> _WORK TO COMPLETE_
Every line of the records below from the line with "(\<forall>R. compatible_equiv G" up to and including the line with "S \<subseteq> gcarrier G \<and>" must be reproduced exactly, and no line outside that range.

> _INFORMATION PROVIDED_
(* Let $\Gamma$ be a cofinite graph and let $\overline{\Gamma}$ denote its (Hausdorff uniform) completion, which is again a cofinite graph. The following statements are equivalent: (1) $\Gamma$ is cofinitely connected; (2) $\Gamma$ is not the uniform sum of two disjoint nonempty subgraphs; (3) $\overline{\Gamma}$ is cofinitely connected.
   Context: A graph $\Gamma$ is a set $\Gamma=V(\Gamma)\sqcup E(\Gamma)$ (vertices and edges) together with maps $s,t\colon E(\Gamma)\to V(\Gamma)$ and an involution $e\mapsto\overline e$ of $E(\Gamma)$ without fixed points such that $s(\overline e)=t(e)$ and $t(\overline e)=s(e)$. A subgraph is a subset closed under $s$, $t$ and $e\mapsto \overline e$. An equivalence relation $R$ on a graph $\Gamma$ is compatible if $R\subseteq (V(\Gamma)\times V(\Gamma))\cup(E(\Gamma)\times E(\Gamma))$, $(e,e')\in R$ implies $(s(e),s(e')),(t(e),t(e')),(\overline e,\overline{e'})\in R$, and $(e,\overline e)\notin R$ for every edge $e$; then the quotient $\Gamma/R$ is a graph. A cofinite entourage of a uniform space is an entourage that is an equivalence relation with finitely many equivalence classes. A cofinite graph is a graph equipped with a Hausdorff uniform structure in which the compatible cofinite entourages form a fundamental system of entourages. A path in a graph is a finite sequence of edges $e_1\cdots e_n$ with $t(e_i)=s(e_{i+1})$; a graph is path connected if any two vertices are joined by a path. A cofinite graph $\Gamma$ is cofinitely connected if $\Gamma/R$ is path connected for every compatible cofinite entourage $R$ of $\Gamma$. $\Gamma$ is the uniform sum of two disjoint subgraphs $\Gamma_1,\Gamma_2$ if $\Gamma=\Gamma_1\cup\Gamma_2$, $\Gamma_1\cap\Gamma_2=\emptyset$, and a subset $W\subseteq\Gamma\times\Gamma$ is an entourage of $\Gamma$ iff $W\supseteq W_1\cup W_2$ for some entourages $W_i$ of $\Gamma_i$ (with the subspace uniformities). *)

theory Defs
  imports Main
begin

record 'a graph =
  gverts :: "'a set"
  gedges :: "'a set"
  gsrc   :: "'a \<Rightarrow> 'a"
  gtgt   :: "'a \<Rightarrow> 'a"
  gbar   :: "'a \<Rightarrow> 'a"

record 'a ugraph = "'a graph" +
  gunif :: "('a \<times> 'a) set set"

definition gcarrier :: "('a, 'm) graph_scheme \<Rightarrow> 'a set" where
  "gcarrier G = gverts G \<union> gedges G"

definition is_graph :: "('a, 'm) graph_scheme \<Rightarrow> bool" where
  "is_graph G \<longleftrightarrow> gverts G \<inter> gedges G = {} \<and>
     (\<forall>e\<in>gedges G. gsrc G e \<in> gverts G \<and> gtgt G e \<in> gverts G \<and>
        gbar G e \<in> gedges G \<and> gbar G e \<noteq> e \<and> gbar G (gbar G e) = e \<and>
        gsrc G (gbar G e) = gtgt G e \<and> gtgt G (gbar G e) = gsrc G e)"

definition path_between :: "('a, 'm) graph_scheme \<Rightarrow> 'a \<Rightarrow> 'a \<Rightarrow> 'a list \<Rightarrow> bool" where
  "path_between G u w es \<longleftrightarrow>
     (es = [] \<and> u = w) \<or>
     (es \<noteq> [] \<and> set es \<subseteq> gedges G \<and> gsrc G (hd es) = u \<and> gtgt G (last es) = w \<and>
      (\<forall>i. Suc i < length es \<longrightarrow> gtgt G (es ! i) = gsrc G (es ! Suc i)))"

definition path_connected_graph :: "('a, 'm) graph_scheme \<Rightarrow> bool" where
  "path_connected_graph G \<longleftrightarrow>
     (\<forall>u\<in>gverts G. \<forall>w\<in>gverts G. \<exists>es. path_between G u w es)"

definition uniformity_on :: "'a set \<Rightarrow> ('a \<times> 'a) set set \<Rightarrow> bool" where
  "uniformity_on X U \<longleftrightarrow> U \<noteq> {} \<and>
     (\<forall>W\<in>U. W \<subseteq> X \<times> X \<and> Id_on X \<subseteq> W \<and> W\<inverse> \<in> U \<and> (\<exists>V\<in>U. V O V \<subseteq> W)) \<and>
     (\<forall>W1\<in>U. \<forall>W2\<in>U. W1 \<inter> W2 \<in> U) \<and>
     (\<forall>W\<in>U. \<forall>W'. W \<subseteq> W' \<and> W' \<subseteq> X \<times> X \<longrightarrow> W' \<in> U)"

definition hausdorff_unif :: "'a set \<Rightarrow> ('a \<times> 'a) set set \<Rightarrow> bool" where
  "hausdorff_unif X U \<longleftrightarrow> \<Inter>U = Id_on X"

definition subspace_unif :: "('a \<times> 'a) set set \<Rightarrow> 'a set \<Rightarrow> ('a \<times> 'a) set set" where
  "subspace_unif U A = {W \<inter> (A \<times> A) | W. W \<in> U}"

definition cauchy_filter :: "'a set \<Rightarrow> ('a \<times> 'a) set set \<Rightarrow> 'a filter \<Rightarrow> bool" where
  "cauchy_filter X U F \<longleftrightarrow> F \<noteq> bot \<and> F \<le> principal X \<and>
     (\<forall>W\<in>U. eventually (\<lambda>p. p \<in> W) (F \<times>\<^sub>F F))"

text \<open>A filter converges to x iff it contains every neighbourhood W[x] of x.\<close>
definition complete_unif :: "'a set \<Rightarrow> ('a \<times> 'a) set set \<Rightarrow> bool" where
  "complete_unif X U \<longleftrightarrow>
     (\<forall>F. cauchy_filter X U F \<longrightarrow> (\<exists>x\<in>X. \<forall>W\<in>U. eventually (\<lambda>y. (x, y) \<in> W) F))"

definition compatible_rel :: "('a, 'm) graph_scheme \<Rightarrow> ('a \<times> 'a) set \<Rightarrow> bool" where
  "compatible_rel G R \<longleftrightarrow>
     R \<subseteq> (gverts G \<times> gverts G) \<union> (gedges G \<times> gedges G) \<and>
     (\<forall>(e, e')\<in>R. e \<in> gedges G \<longrightarrow>
        (gsrc G e, gsrc G e') \<in> R \<and> (gtgt G e, gtgt G e') \<in> R \<and> (gbar G e, gbar G e') \<in> R) \<and>
     (\<forall>e\<in>gedges G. (e, gbar G e) \<notin> R)"

definition compatible_equiv :: "('a, 'm) graph_scheme \<Rightarrow> ('a \<times> 'a) set \<Rightarrow> bool" where
  "compatible_equiv G R \<longleftrightarrow> equiv (gcarrier G) R \<and> compatible_rel G R"

definition cofinite_entourage :: "'a ugraph \<Rightarrow> ('a \<times> 'a) set \<Rightarrow> bool" where
  "cofinite_entourage G R \<longleftrightarrow>
     R \<in> gunif G \<and> equiv (gcarrier G) R \<and> finite (gcarrier G // R)"

definition cofinite_graph :: "'a ugraph \<Rightarrow> bool" where
  "cofinite_graph G \<longleftrightarrow> is_graph G \<and> uniformity_on (gcarrier G) (gunif G) \<and>
     hausdorff_unif (gcarrier G) (gunif G) \<and>
     (\<forall>W\<in>gunif G. \<exists>R. compatible_equiv G R \<and> cofinite_entourage G R \<and> R \<subseteq> W)"

definition quotient_graph :: "('a, 'm) graph_scheme \<Rightarrow> ('a \<times> 'a) set \<Rightarrow> 'a set graph" where
  "quotient_graph G R =
     \<lparr> gverts = gverts G // R, gedges = gedges G // R,
       gsrc = (\<lambda>C. R `` (gsrc G ` C)), gtgt = (\<lambda>C. R `` (gtgt G ` C)),
       gbar = (\<lambda>C. R `` (gbar G ` C)) \<rparr>"

definition cofinitely_connected :: "'a ugraph \<Rightarrow> bool" where
  "cofinitely_connected G \<longleftrightarrow>
     (\<forall>R. compatible_equiv G R \<and> cofinite_entourage G R \<longrightarrow>
        path_connected_graph (quotient_graph G R))"

definition is_subgraph :: "('a, 'm) graph_scheme \<Rightarrow> 'a set \<Rightarrow> bool" where
  "is_subgraph G S \<longleftrightarrow> S \<subseteq> gcarrier G \<and>
     (\<forall>e\<in>S \<inter> gedges G. gsrc G e \<in> S \<and> gtgt G e \<in> S \<and> gbar G e \<in> S)"

definition uniform_sum :: "'a ugraph \<Rightarrow> 'a set \<Rightarrow> 'a set \<Rightarrow> bool" where
  "uniform_sum G S1 S2 \<longleftrightarrow> is_subgraph G S1 \<and> is_subgraph G S2 \<and>
     S1 \<union> S2 = gcarrier G \<and> S1 \<inter> S2 = {} \<and>
     (\<forall>W. W \<subseteq> gcarrier G \<times> gcarrier G \<longrightarrow>
        (W \<in> gunif G \<longleftrightarrow>
          (\<exists>W1\<in>subspace_unif (gunif G) S1. \<exists>W2\<in>subspace_unif (gunif G) S2. W1 \<union> W2 \<subseteq> W)))"

text \<open>Completions are unique up to isomorphism.\<close>
definition is_completion :: "'a ugraph \<Rightarrow> 'b ugraph \<Rightarrow> ('a \<Rightarrow> 'b) \<Rightarrow> bool" where
  "is_completion G H \<phi> \<longleftrightarrow> cofinite_graph H \<and>
     \<phi> ` gverts G \<subseteq> gverts H \<and> \<phi> ` gedges G \<subseteq> gedges H \<and>
     (\<forall>e\<in>gedges G. \<phi> (gsrc G e) = gsrc H (\<phi> e) \<and> \<phi> (gtgt G e) = gtgt H (\<phi> e) \<and>
        \<phi> (gbar G e) = gbar H (\<phi> e)) \<and>
     inj_on \<phi> (gcarrier G) \<and>
     gunif G = {map_prod \<phi> \<phi> -` W \<inter> (gcarrier G \<times> gcarrier G) | W. W \<in> gunif H} \<and>
     (\<forall>y\<in>gcarrier H. \<forall>W\<in>gunif H. \<exists>x\<in>gcarrier G. (y, \<phi> x) \<in> W) \<and>
     complete_unif (gcarrier H) (gunif H)"

end

theory Submission
  imports Defs
begin

text \<open>All three conditions are equivalent to the absence of a separation: a partition of the
  graph into nonempty subgraphs \<open>S\<^sub>1, S\<^sub>2\<close> such that \<open>S\<^sub>1 \<times> S\<^sub>1 \<union> S\<^sub>2 \<times> S\<^sub>2\<close> is an
  entourage; with nonempty parts this is exactly a uniform sum.
  If the quotient by a compatible cofinite entourage \<open>R\<close> is not path connected, the vertices
  whose class can reach a fixed class, together with the edges leaving them, form an
  \<open>R\<close>-saturated subgraph with a subgraph as complement, so these blocks contain \<open>R\<close>.
  Conversely, if \<open>R\<close> lies inside the blocks of a separation, every edge of the quotient stays
  within one block and no path crosses.
  Separations of the completion pull back along the dense embedding \<open>\<phi>\<close>. A separation of
  \<open>\<Gamma>\<close> is the trace of an entourage \<open>W\<close> of the completion; saturating \<open>\<phi>(S\<^sub>1)\<close> and
  \<open>\<phi>(S\<^sub>2)\<close> under a compatible cofinite \<open>R \<subseteq> W\<close> separates the completion.\<close>

definition separation :: "'a ugraph \<Rightarrow> 'a set \<Rightarrow> 'a set \<Rightarrow> bool" where
  "separation G S1 S2 \<longleftrightarrow> is_subgraph G S1 \<and> is_subgraph G S2 \<and>
     S1 \<union> S2 = gcarrier G \<and> S1 \<inter> S2 = {} \<and> S1 \<noteq> {} \<and> S2 \<noteq> {} \<and>
     S1 \<times> S1 \<union> S2 \<times> S2 \<in> gunif G"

> _SOLUTION_
     (\<forall>R. compatible_equiv G R \<and> cofinite_entourage G R \<longrightarrow>
        path_connected_graph (quotient_graph G R))"

definition is_subgraph :: "('a, 'm) graph_scheme \<Rightarrow> 'a set \<Rightarrow> bool" where
  "is_subgraph G S \<longleftrightarrow> S \<subseteq> gcarrier G \<and>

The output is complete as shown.